If you’ve accumulated some extra cash, you may have thought about investing. Whether you have a lot or a little, investing is an interesting and exciting way to grow your wealth. Perhaps, you are not much of a risk-taker, and the very idea of investing terrifies you. You don’t just want to throw your money away on an investment with no guarantee of success. You’ll stick to the stable bonds, thanks for asking. Maybe you like a little risk—or a lot. You find yourself gravitating towards more risk, more reward stocks.
Whatever the method, one aspect rings true for all investors: you want to make money. With a litany of wealth management firms all offering to aid you in this quest, you may find yourself wondering which firm is best. Which firms can you trust with your hard-earned money, and how do you know that their methods work? Keep reading to discover how one founder and CEO has shaken up the financial advising world with his unique method.
The Story
After a quick stint as a personal trainer, Jerry Fetta reoriented himself to work in traditional financial advising. Once he found his footing in the wealth management world, he had an epiphany. He says, “Four or five years into the game, I start learning what wealthy people actually do, what the top 1% actually do. And I was like—this is nothing like what I’m telling people to do right now.”
He realized that what he was telling people what to do with their money wasn’t the most effective way to build wealth, it was just the most traditional. He left corporate America and started Wealth Dynamics, which champions a new way to financially invest, modeled after what the top one percenters and Fortune 500 companies do. In only a few years, he grew his business from nothing to a multi-million-dollar company.
The Discovery
Fetta first began with the idea to look at the past as a reference for the future. But how can what the rich did 100 years ago affect what we do today, especially in a field as ever-changing as finance? Yet, Fetta felt that if he could examine the data, he could find a pattern. And he did.

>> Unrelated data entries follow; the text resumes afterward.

text \<open>If the pairs \<open>x < y\<close> and \<open>a < b\<close> differ, then \<open>{a, b} \<subseteq> {x, y}\<close> is impossible by asymmetry
  of the order, so some \<open>c \<in> {a, b}\<close> differs from both \<open>x\<close> and \<open>y\<close>. Trifference gives a coordinate
  \<open>i\<close> where \<open>x\<^sub>i, y\<^sub>i, c\<^sub>i\<close> form an orthonormal basis; there \<open>f(x\<^sub>i, y\<^sub>i)\<close> is the line
  spanned by \<open>c\<^sub>i\<close>, while \<open>f(a\<^sub>i, b\<^sub>i) \<subseteq> c\<^sub>i\<^sup>\<bottom>\<close> (if \<open>c = b\<close>, then \<open>a \<in> {x, y}\<close> is
  orthogonal to \<open>b\<close> in that coordinate). So the \<open>i\<close>-th factor of \<open>P\<^sub>x\<^sub>,\<^sub>y\<close> kills
  \<open>f(a\<^sub>i, b\<^sub>i)\<close> and hence \<open>P\<^sub>x\<^sub>,\<^sub>y\<close> kills \<open>E\<^sub>a\<^sub>,\<^sub>b\<close>, while it fixes \<open>E\<^sub>x\<^sub>,\<^sub>y\<close>. Applying
  \<open>P\<^sub>x\<^sub>,\<^sub>y\<close> to a vanishing sum of elements of the \<open>E\<^sub>a\<^sub>,\<^sub>b\<close> isolates the \<open>(x, y)\<close> summand.\<close>

lemma sum_lists_length_prod:
  fixes g :: "nat \<Rightarrow> 'a::finite \<Rightarrow> 'b::comm_semiring_1"
  shows "(\<Sum>ks\<in>{ks. length ks = n}. \<Prod>i<n. g i (ks ! i)) = (\<Prod>i<n. \<Sum>k\<in>UNIV. g i k)"
proof (induction n arbitrary: g)
  case 0
  then show ?case by simp
next
  case (Suc n)
  let ?L = "{ks::'a list. length ks = n}"
  have lists_Suc: "{ks::'a list. length ks = Suc n} = (\<lambda>(k, ks). k # ks) ` (UNIV \<times> ?L)"
    by (auto simp: length_Suc_conv image_iff)
  have "(\<Sum>ks\<in>{ks. length ks = Suc n}. \<Prod>i<Suc n. g i (ks ! i))
      = (\<Sum>(k, ks)\<in>UNIV \<times> ?L. g 0 k * (\<Prod>i<n. g (Suc i) (ks ! i)))"
    unfolding lists_Suc
    by (subst sum.reindex) (auto simp: inj_on_def prod.lessThan_Suc_shift case_prod_beta
        simp del: prod.lessThan_Suc)
  also have "\<dots> = (\<Sum>k\<in>UNIV. g 0 k) * (\<Sum>ks\<in>?L. \<Prod>i<n. g (Suc i) (ks ! i))"
    by (simp add: sum.cartesian_product[symmetric] sum_product)
  also have "\<dots> = (\<Prod>i<Suc n. \<Sum>k\<in>UNIV. g i k)"
    by (simp add: Suc[of "\<lambda>i. g (Suc i)"] prod.lessThan_Suc_shift del: prod.lessThan_Suc)
  finally show ?case .
qed

lemma tensor_map_sum:
  assumes "finite K"
  shows "tensor_map n A (\<lambda>js. \<Sum>k\<in>K. c k * t k js) = (\<lambda>js. \<Sum>k\<in>K. c k * tensor_map n A (t k) js)"
  using assms
  by (auto simp: tensor_map_def sum_distrib_left sum_distrib_right mult_ac sum.swap[where A = K])

lemma tensor_map_ptensor:
  assumes "\<forall>i<n. linear (A i)"
  shows "tensor_map n A (ptensor n v) = ptensor n (\<lambda>i. A i (v i))"
proof
  fix js :: "3 list"
  show "tensor_map n A (ptensor n v) js = ptensor n (\<lambda>i. A i (v i)) js"
  proof (cases "length js = n")
    case True
    have "tensor_map n A (ptensor n v) js
        = (\<Sum>ks\<in>{ks. length ks = n}. \<Prod>i<n. matrix (A i) $ (js ! i) $ (ks ! i) * v i $ (ks ! i))"
      using True by (simp add: tensor_map_def ptensor_def prod.distrib)
    also have "\<dots> = (\<Prod>i<n. \<Sum>k\<in>UNIV. matrix (A i) $ (js ! i) $ k * v i $ k)"
      by (rule sum_lists_length_prod)
    also have "\<dots> = (\<Prod>i<n. (matrix (A i) *v v i) $ (js ! i))"
      by (simp add: matrix_vector_mult_def)
    also have "\<dots> = (\<Prod>i<n. A i (v i) $ (js ! i))"
      using assms by (simp add: matrix_vector_mul)
    finally show ?thesis
      using True by (simp add: ptensor_def)
  qed (simp add: tensor_map_def ptensor_def)
qed

lemma tensor_map_lincomb:
  assumes "\<forall>i<n. linear (A i)"
  shows "tensor_map n A (\<lambda>js. \<Sum>k<(m::nat). c k * ptensor n (v k) js)
       = (\<lambda>js. \<Sum>k<m. c k * ptensor n (\<lambda>i. A i (v k i)) js)"
  by (subst tensor_map_sum) (simp_all add: tensor_map_ptensor[OF assms])

lemma zero_in_tensor_subspace: "(\<lambda>_. 0) \<in> tensor_subspace n S"
  unfolding tensor_subspace_def by (intro CollectI exI[of _ 0]) simp

lemma tensor_map_tensor_subspace_id:
  assumes "\<forall>i<n. linear (A i) \<and> (\<forall>v\<in>S i. A i v = v)"
    and "t \<in> tensor_subspace n S"
  shows "tensor_map n A t = t"
proof -
  obtain m :: nat and c v where v: "\<forall>k<m. \<forall>i<n. v k i \<in> S i"
    and t: "t = (\<lambda>js. \<Sum>k<m. c k * ptensor n (v k) js)"
    using assms(2) unfolding tensor_subspace_def by blast
  have "ptensor n (\<lambda>i. A i (v k i)) = ptensor n (v k)" if "k < m" for k
    using assms(1) v that unfolding ptensor_def by (intro ext) (auto intro!: prod.cong)
  then show ?thesis
    using assms(1) by (simp add: t tensor_map_lincomb)
qed

lemma tensor_map_tensor_subspace_eq_0:
  assumes "\<forall>i<n. linear (A i)" and "i < n" and "\<forall>v\<in>S i. A i v = 0"
    and "t \<in> tensor_subspace n S"
  shows "tensor_map n A t = (\<lambda>_. 0)"
proof -
  obtain m :: nat and c v where v: "\<forall>k<m. \<forall>i<n. v k i \<in> S i"
    and t: "t = (\<lambda>js. \<Sum>k<m. c k * ptensor n (v k) js)"
    using assms(4) unfolding tensor_subspace_def by blast
  have "ptensor n (\<lambda>i. A i (v k i)) = (\<lambda>_. 0)" if "k < m" for k
    using assms(2,3) v that unfolding ptensor_def by (intro ext) (auto intro!: prod_zero bexI[of _ i])
  then show ?thesis
    using assms(1) by (simp add: t tensor_map_lincomb)
qed
record craig_state =
  cq :: "real vec"
  cw :: "real vec"
  cr :: "real vec"
  cs :: "real vec"
  calpha :: real
  cv :: "real vec"
  ct :: "real vec"
  cbeta :: real
  czeta :: real
  cu :: "real vec"
  cp :: "real vec"

(* craig M A C N b j = iterates with index j+1 (0-based storage of 1-based index).
   Division by zero is HOL's x/0 = 0; the theorem assumes the relevant quantities
   are nonzero, i.e. that the recurrence has not stopped. *)
fun craig :: "real mat \<Rightarrow> real mat \<Rightarrow> real mat \<Rightarrow> real mat \<Rightarrow> real vec \<Rightarrow> nat \<Rightarrow> craig_state"
  where
  "craig M A C N b 0 =
    (let \<beta> = gnorm (minv N) b;
         q = (1/\<beta>) \<cdot>\<^sub>v (minv N *\<^sub>v b);
         r = q;
         w = minv M *\<^sub>v (A *\<^sub>v q);
         s = C *\<^sub>v r;
         \<alpha> = sqrt (w \<bullet> (M *\<^sub>v w) + r \<bullet> s);
         v = (1/\<alpha>) \<cdot>\<^sub>v w;
         t = (1/\<alpha>) \<cdot>\<^sub>v s;
         \<zeta> = \<beta>/\<alpha>;
         u = \<zeta> \<cdot>\<^sub>v v;
         p = (-(\<zeta>/\<alpha>)) \<cdot>\<^sub>v r
     in \<lparr>cq = q, cw = w, cr = r, cs = s, calpha = \<alpha>, cv = v, ct = t,
         cbeta = \<beta>, czeta = \<zeta>, cu = u, cp = p\<rparr>)"
| "craig M A C N b (Suc j) =
    (let st = craig M A C N b j;
         g = minv N *\<^sub>v (transpose_mat A *\<^sub>v cv st + ct st) - calpha st \<cdot>\<^sub>v cq st;
         \<beta> = gnorm N g;
         q = (1/\<beta>) \<cdot>\<^sub>v g;
         w = minv M *\<^sub>v (A *\<^sub>v q) - \<beta> \<cdot>\<^sub>v cv st;
         r = q - (\<beta> / calpha st) \<cdot>\<^sub>v cr st;
         s = C *\<^sub>v r;
         \<alpha> = sqrt (w \<bullet> (M *\<^sub>v w) + r \<bullet> s);
         v = (1/\<alpha>) \<cdot>\<^sub>v w;
         t = (1/\<alpha>) \<cdot>\<^sub>v s;
         \<zeta> = -(\<beta>/\<alpha>) * czeta st;
         u = cu st + \<zeta> \<cdot>\<^sub>v v;
         p = cp st - (\<zeta>/\<alpha>) \<cdot>\<^sub>v r
     in \<lparr>cq = q, cw = w, cr = r, cs = s, calpha = \<alpha>, cv = v, ct = t,
         cbeta = \<beta>, czeta = \<zeta>, cu = u, cp = p\<rparr>)"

Fetta started his process by studying a savings chart of the top 1% over the past one hundred years, from 1913 to 2013. The chart revealed that the wealthiest were able to save about 40% of their gross income, a shockingly high number. As he said, “It led me to ask, ‘Where are they putting it?’”
In conducting more research, Fetta found another pattern. He discovered that the top 1% and Fortune 500 companies were placing their tier one capital (meaning, the highest caliber of their reserves) into whole life insurance. At first, Fetta was confused—he was always told that life insurance is a terrible investment. “This must be a mistake,” he thought. “Life insurance is the devil.”
The Model
When Fetta delved deeper into how whole life insurance was designed, he found that it has a very high cash value. What does he mean by this? He explains, “If I put in $1,000, I could borrow 900 of that 1000 today. […] And that $900 was still going to grow,” as if it were still in the account. Now, he realizes that this is a similar method to what banks do with your money. And now you can do it for yourself.
Wait a minute—why was that high cash value important? In Fetta’s opinion, you can take out $700-900 of that $1,000 and use it to invest in something else, such as real estate—all the while, still growing your original pile of $1,000. Listen to the podcast to find out more details on Fetta’s model for success and creating what he calls a “positive spread” between your interest rate and your annual compounding rate.
The Concepts
Once they are able to save that 40%, the rich spend their money differently from us. On the Making Bank Podcast, they discuss how the successful mindset reorients your view on investments, and how you need to acquire that view to amass your wealth in a more effective way. Perhaps you are told to look into mutual funds, your 401Ks, etc. But if the rich aren’t investing in those areas to amass their wealth, why should you? And, if so, where should you put your money?
Fetta lists things such as real estate, small business equity, trusts, and life insurances as areas in which they invest. He notes that “60% of their net worth” is in small business equity. But what do these areas have in common? Firstly, the wealthy are interested in investments, not financial products. Secondly, they are looking to find investments that are tangible, something that they can control and has been proven to work time and time again.
The Mindset
Behind all of this is the idea that returns back to the theme of the Making Bank Podcast: successful mindsets. The wealthy views investments in a different capacity than as we may do. They are thorough in their research, and they—or someone advising them—have intricate knowledge of how certain financial items are structured.
Instead of accepting what they’ve been told, those who are successful dig deeper, as Fetta has done, than just the surface level. They push to know more. They care about the fine details and not just accept what’s easiest or most convenient.
While investing can sometimes gain a reputation of poor gambling, the wealthy view it in a different manner. They don’t always just ride on the newest, shiniest thing that comes along. They understand the balance of stability and risk. Whether consciously or not, the wealthiest of the past 100 years have continued the same pattern, over and over—and it has always worked for them. Why can’t it work for you?